Test Alternative Platforms Now
Modern payment tools make it easy to test-drive their systems without disrupting your existing setup. Process a few sample transactions, sync with your accounting software, and compare how each platform handles vendor onboarding, approvals, and reconciliation. This firsthand experience makes it clear which option actually fits your workflow.
Choose a Platform That Scales With You
Your payment needs today will not look the same a year from now. Pick a solution that can handle higher transaction volumes, more vendors, and growing complexity without forcing another costly transition down the line. Platforms like Nickel that are built for high-value B2B transactions often deliver this scalability out of the box.
The Bottom Line
The Melio-Xero acquisition marks a turning point for small business payments. While Melio users are promised continuity, history shows that major acquisitions often lead to pricing shifts, feature changes, and evolving platform priorities. Businesses relying on Melio should act now rather than react later.
Evaluating alternatives like Nickel allows you to secure free ACH transfers, scalable workflows, and QuickBooks-native integration before any disruptions begin.
Nickel’s focus on high-value B2B transactions and transparent pricing positions it as a standout replacement for companies that want predictable costs and reliable performance without waiting to see what changes Xero might roll out next.

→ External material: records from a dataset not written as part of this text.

lemma phiY_pushfwd:
  assumes A: "A \<in> O12" "orthochronous A" "det A = 1"
    and X: "vfield_on_circle X" and w: "w \<in> sphere 0 1"
  shows "phiY (pushfwd A X) w = weighted_pullback (matrix_inv A) (phiY X) w"
proof -
  let ?B = "matrix_inv A"
  define z where "z = act ?B w"
  define b where "b = (?B *v lift w)$1"
  define D where "D = frechet_derivative (act A) (at z)"
  have b: "b > 0"
    using orthochronous_lift_time_pos[OF orthochronous_matrix_inv[OF A(1,2)], of w] w
    unfolding b_def by simp
  have z: "z \<in> sphere 0 1"
    unfolding z_def using act_sphere[OF O12_matrix_inv[OF A(1)] orthochronous_matrix_inv[OF A(1,2)] w] .
  have AB: "A ** ?B = mat 1"
    by (simp add: matrix_inv_mult O12_invertible A(1))
  then have "lift w = b *\<^sub>R (A *v lift z)"
    using mult_lift_act[of ?B w A] b unfolding b_def z_def by simp
  then have "(lift w)$1 = b * (A *v lift z)$1"
    by simp
  then have weight: "(A *v lift z)$1 = 1 / b"
    using b by (simp add: field_simps)
  have "act A z = w"
    using act_mult[of ?B w A] b AB unfolding b_def z_def by simp
  have "linear D"
    unfolding D_def using has_derivative_act[of A z] weight b
    by (intro linear_frechet_derivative differentiableI) simp
  then have "pushfwd A X w = phiY X z *\<^sub>R D (\<i> * z)"
    by (simp add: pushfwd_def z_def[symmetric] D_def[symmetric] vfield_on_circle_eq[OF X z]
        linear_scale)
  then have "phiY (pushfwd A X) w = phiY X z * Re (D (\<i> * z) / (\<i> * act A z))"
    using \<open>act A z = w\<close> by (simp add: phiY_def scaleR_conv_of_real flip: times_divide_eq_right)
  also have "\<dots> = phiY X z * b"
    using angular_deriv_act_rotation[OF A z] weight unfolding D_def by simp
  finally show ?thesis
    by (simp add: weighted_pullback_def b_def z_def)
qed

theorem lemma2p15:
  fixes X :: "complex \<Rightarrow> complex" and A :: "real^3^3" and v :: "real^3"
  assumes "continuous_on (sphere 0 1) X"
    and "vfield_on_circle X"
    and "A \<in> O0_12"
  shows "width (\<lambda>z. pushfwd A X z + Killing v z) = width X"
proof -
  have A: "A \<in> O12" "orthochronous A" "det A = 1"
    using O0_12_subset_O12 O0_12_orthochronous O0_12_det assms(3) by auto
  have "continuous_on (sphere 0 1) (phiY X)"
    unfolding phiY_def[abs_def] by (intro continuous_intros assms(1)) auto
  then have "bounded (phiY X ` sphere 0 1)"
    by (intro compact_imp_bounded compact_continuous_image) auto
  moreover have "\<forall>w\<in>sphere 0 1. phiY (\<lambda>z. pushfwd A X z + Killing v z) w
      = weighted_pullback (matrix_inv A) (phiY X) w + vector [- v$1, v$2, v$3] \<bullet> lift w"
    using phiY_pushfwd[OF A assms(2)] phiY_Killing by (simp add: phiY_def add_divide_distrib)
  ultimately show ?thesis
    by (rule width_weighted_pullback[OF O12_matrix_inv[OF A(1)] orthochronous_matrix_inv[OF A(1,2)]])
qed

end
lemma phi_root_bounds:
  assumes n: "2 \<le> n" and a: "0 < a" "a < 1"
  shows "J_lo n m a < 1 + real n * m / (real n - 1) - (real n / (real n - 1)) powr a"
    and "1 + real n * m / (real n - 1) - (real n / (real n - 1)) powr a < J_hi n m a"
proof -
  have "(real n / (real n - 1)) powr a < 1 + a / (real n - 1)"
    using weighted_amgm_strict[OF a, of "real n / (real n - 1)" 1] n by (simp add: field_simps)
  then show "J_lo n m a < 1 + real n * m / (real n - 1) - (real n / (real n - 1)) powr a"
    unfolding J_lo_def using n by (simp add: diff_divide_distrib)
  have "((real n - 1) / real n) powr a < (real n - a) / real n"
    using weighted_amgm_strict[OF a, of "(real n - 1) / real n" 1] n by (simp add: field_simps)
  then have "real n / (real n - a) < (real n / (real n - 1)) powr a"
    using n a by (simp add: powr_divide field_simps)
  moreover have "real n / (real n - a) = 1 + a / (real n - a)"
    using n a by (simp add: field_simps)
  ultimately show "1 + real n * m / (real n - 1) - (real n / (real n - 1)) powr a < J_hi n m a"
    unfolding J_hi_def by simp
qed

lemma J_hi_le:
  assumes "2 \<le> n" "0 < a" "a < 1"
  shows "J_hi n m a \<le> real n * m / (real n - 1)"
  using assms unfolding J_hi_def by simp

lemma phi_unique_zero:
  assumes n: "2 \<le> n" and a: "0 < a" "a < 1"
  shows "\<exists>!z. z \<in> {J_lo n m a .. J_hi n m a} \<and> phi n m a z = 0"
proof -
  define r where "r = 1 + real n * m / (real n - 1) - (real n / (real n - 1)) powr a"
  have below_pole: "z < 1 + real n * m / (real n - 1)" if "z \<le> J_hi n m a" for z
    using that J_hi_le[OF assms, of m] by simp
  show ?thesis
  proof (rule ex1I[of _ r])
    show "r \<in> {J_lo n m a .. J_hi n m a} \<and> phi n m a r = 0"
      using phi_root_bounds[OF assms, of m] phi_eq_zero_iff[OF n below_pole]
      unfolding r_def by simp
    show "z = r" if "z \<in> {J_lo n m a .. J_hi n m a} \<and> phi n m a z = 0" for z
      using that phi_eq_zero_iff[OF n below_pole] unfolding r_def by auto
  qed
qed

Ready to find alternatives that eliminate ACH fees while maintaining professional payment capabilities? Get started with Nickel's free unlimited ACH transfers and see how much your business could save while reducing dependence on platforms undergoing major corporate changes.
Frequently Asked Questions
How Does Nickel Differ From Melio After the Acquisition?

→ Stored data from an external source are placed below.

theorem mainTheorem10:
  fixes \<mu> :: "'a::metric_space measure"
    and \<Phi> :: "real \<Rightarrow> 'a \<Rightarrow> 'a"
    and F :: "'a \<Rightarrow> real^'d"
    and X :: "'a set"
    and \<Delta>t \<epsilon> :: real
  assumes manifold: "topological_manifold (UNIV :: 'a set) TYPE('e::euclidean_space)"
    and flow: "continuous_flow \<Phi>"
    and borel: "sets \<mu> = sets borel"
    and prob: "prob_space \<mu>"
    and erg: "ergodic_flow \<mu> \<Phi>"
    and X_def: "X = measure_support \<mu>"
    and X_compact: "compact X"
    and X_full: "emeasure \<mu> X = 1"
    and F_cont: "continuous_on UNIV F"
    and dt_pos: "\<Delta>t > 0"
    and erg_dt: "ergodic_map \<mu> (\<Phi> \<Delta>t)"
    and eps_pos: "\<epsilon> > 0"
  shows "(\<exists>c>0. AE x in \<mu>. rho \<mu> X \<Phi> F \<Delta>t \<epsilon> x = c) \<and>
         (continuity_assumption \<mu> \<Phi> F X \<longrightarrow>
            (\<exists>g. continuous_on X g \<and> (AE x in \<mu>. rho \<mu> X \<Phi> F \<Delta>t \<epsilon> x = g x)) \<and>
            (\<exists>h. continuous_on X h \<and> (AE x in \<mu>. 1 / rho \<mu> X \<Phi> F \<Delta>t \<epsilon> x = h x)))"
proof -
  interpret flow_kernel_setting \<mu> \<Phi> F X \<Delta>t \<epsilon>
    using prob borel flow erg X_def X_compact X_full F_cont eps_pos
    by (intro flow_kernel_setting.intro) (simp_all add: ergodic_flow_def)
  obtain c where "c > 0" and c: "AE x in \<mu>. \<rho> x = c"
    using rho_AE_eq_const[OF erg_dt] by blast
  have "\<exists>g. continuous_on X g \<and> (AE x in \<mu>. \<rho> x = g x)"
    using c by (intro exI[of _ "\<lambda>_. c"]) simp
  moreover have "\<exists>h. continuous_on X h \<and> (AE x in \<mu>. 1 / \<rho> x = h x)"
    using c by (intro exI[of _ "\<lambda>_. 1 / c"]) (auto elim: eventually_mono)
  ultimately show ?thesis using \<open>c > 0\<close> c by blast
qed

end
(* Let $\mathcal{W}$ be the smallest class of digraphs such that: (1) every transitive oriented graph is in $\mathcal{W}$; (2) every semicomplete digraph is in $\mathcal{W}$; (3) every symmetric digraph is in $\mathcal{W}$; (4) if $D \in \mathcal{W}$ has vertices $v_1,\dots,v_n$ and $H_1,\dots,H_n \in \mathcal{W}$, then $D[H_1,\dots,H_n] \in \mathcal{W}$. Then $\mathcal{W}$ is exactly the class of weakly quasi-transitive digraphs.
   Context: Digraphs are finite, have no loops and no multiple arcs, but may contain digons; an arc lying in a digon is called symmetric, otherwise non-symmetric. An oriented graph has no symmetric arc; a symmetric digraph has only symmetric arcs. A transitive oriented graph is an oriented graph such that arcs $uv$ and $vw$ imply the arc $uw$. A digraph is semicomplete if between any two distinct vertices there is at least one arc. $N^-(v)$ / $N^+(v)$ denote the sets of in-/out-neighbours of $v$; two vertices are adjacent if there is at least one arc between them. Two neighbours $u,w$ of $v$ are synchronous neighbours of $v$ if both lie in $N^-(v)\setminus N^+(v)$, or both in $N^+(v)\setminus N^-(v)$, or both in $N^-(v)\cap N^+(v)$; otherwise they are asynchronous. A digraph is weakly quasi-transitive if for each vertex $v$, any two asynchronous neighbours of $v$ are adjacent. For a digraph $D$ with vertices $v_1,\dots,v_n$ and vertex-disjoint digraphs $H_1,\dots,H_n$, the substitution $D[H_1,\dots,H_n]$ is the digraph obtained from the disjoint union of $H_1,\dots,H_n$ by adding all arcs $xy$ with $x \in V(H_i)$, $y \in V(H_j)$ for every arc $v_iv_j$ of $D$. *)

theory Defs
  imports Main
begin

Nickel is designed for high-value B2B payments, while Melio historically targeted broader small business use cases. With unlimited free ACH transfers, QuickBooks-native syncing, and support for transactions up to $1 million, Nickel provides cost savings and scalability that many companies may lose if Melio’s features or pricing change under Xero’s ownership.
What Industries Benefit Most From Switching to Nickel?

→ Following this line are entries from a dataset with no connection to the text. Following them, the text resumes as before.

lemma voting_constant_tendsto: "(voting_constant \<longlongrightarrow> 16) (at_right 0)"
proof -
  have "((\<lambda>e. 16 * (1 + sqrt e) / (1 - sqrt e - 2 * e)\<^sup>2) \<longlongrightarrow>
          16 * (1 + sqrt 0) / (1 - sqrt 0 - 2 * 0)\<^sup>2) (at_right (0::real))"
    by (intro tendsto_intros) (auto intro!: tendsto_ident_at)
  then show ?thesis
    unfolding voting_constant_def by simp
qed

lemma voting_constant_nonneg: "0 \<le> e \<Longrightarrow> 0 \<le> voting_constant e"
  unfolding voting_constant_def by simp

text \<open>This absorbs the additive constants in n - 2 - 2 d and in n = (n - 1) + 1, and is
  where the factor 1 + sqrt e in voting_constant comes from.\<close>
lemma one_le_sqrt_mult:
  fixes e n k :: real
  assumes "0 \<le> e" "3 \<le> n" "1 \<le> k" "k \<le> e * (n * (n - 1) / 2)"
  shows "1 \<le> sqrt e * (n - 1)"
proof -
  have "1 \<le> e * (n * (n - 1) / 2)"
    using assms(3,4) by simp
  also have "\<dots> = e * ((n / 2) * (n - 1))"
    by simp
  also have "\<dots> \<le> e * ((n - 1) * (n - 1))"
    using assms(1,2) by (intro mult_left_mono mult_right_mono) auto
  also have "\<dots> = (sqrt e * (n - 1))\<^sup>2"
    using assms(1) by (simp add: power_mult_distrib power2_eq_square)
  finally have "1\<^sup>2 \<le> (sqrt e * (n - 1))\<^sup>2"
    by simp
  moreover have "0 \<le> sqrt e * (n - 1)"
    using assms(1,2) by simp
  ultimately show ?thesis
    by (rule power2_le_imp_le)
qed

lemma misled_count_le_real:
  fixes e n k d s :: real
  assumes e: "0 \<le> e" and n: "3 \<le> n" and k: "1 \<le> k" "k \<le> e * (n * (n - 1) / 2)"
    and d: "n * d \<le> 2 * k"
    and s: "0 \<le> s" "s * (n - 2 - 2 * d) \<le> 4 * k"
  shows "d \<le> e * (n - 1)" "s * (1 - sqrt e - 2 * e) \<le> 2 * e * n"
proof -
  define N where "N = n - 1"
  have "n * d \<le> n * (e * N)"
    using d k unfolding N_def by (simp add: algebra_simps)
  then show dN: "d \<le> e * (n - 1)"
    using n unfolding N_def by simp
  have "N * (1 - sqrt e - 2 * e) \<le> n - 2 - 2 * d"
    using one_le_sqrt_mult[OF e n k] dN unfolding N_def by (simp add: algebra_simps)
  then have "s * (N * (1 - sqrt e - 2 * e)) \<le> s * (n - 2 - 2 * d)"
    using s(1) by (rule mult_left_mono)
  also have "\<dots> \<le> 4 * k"
    by (rule s(2))
  also have "\<dots> \<le> N * (2 * e * n)"
    using k unfolding N_def by simp
  finally have "N * (s * (1 - sqrt e - 2 * e)) \<le> N * (2 * e * n)"
    by (simp only: mult.left_commute)
  moreover have "0 < N"
    using n unfolding N_def by simp
  ultimately show "s * (1 - sqrt e - 2 * e) \<le> 2 * e * n"
    by (rule mult_left_le_imp_le)
qed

Nickel serves wholesale, distribution, construction, and manufacturing companies particularly well. These industries manage complex vendor networks, strict payment terms, and large invoices. Nickel’s vendor onboarding tools, approval workflows, and net terms management are purpose-built for these needs, making it a better fit than generalist payment platforms.
Will Nickel Continue to Offer Free ACH Transfers Long Term?
Unlimited free ACH transfers are a core feature of Nickel’s pricing model, not a temporary promotion. By keeping ACH free, Nickel positions itself as a cost-effective alternative to competitors introducing caps or hidden fees, which ensures businesses can predict expenses even as transaction volumes grow.
Can Nickel Handle Both Accounts Payable and Receivable?
Yes. Nickel unifies accounts payable, accounts receivable, and trade credit into a single platform. Businesses can pay vendors, accept customer payments, and extend net terms without juggling multiple tools. This structure improves cash flow visibility and simplifies operations for companies processing high-value payments.
How Does Nickel Help With QuickBooks Reconciliation?
Nickel uses one-to-one settlement, meaning every transaction aligns directly with your QuickBooks records and bank statements. This eliminates batch deposit confusion and manual reconciliation errors. Real-time syncing ensures payments update instantly, saving finance teams hours each month and reducing the risk of reporting mistakes.
Is Now the Right Time to Switch From Melio to Nickel?
Switching early lets businesses evaluate Nickel’s workflows and migrate vendors before any Melio changes take effect under Xero. Acting now prevents rushed decisions if pricing or features shift and immediately provides cost savings through unlimited free ACH transfers and faster, more predictable payment processing.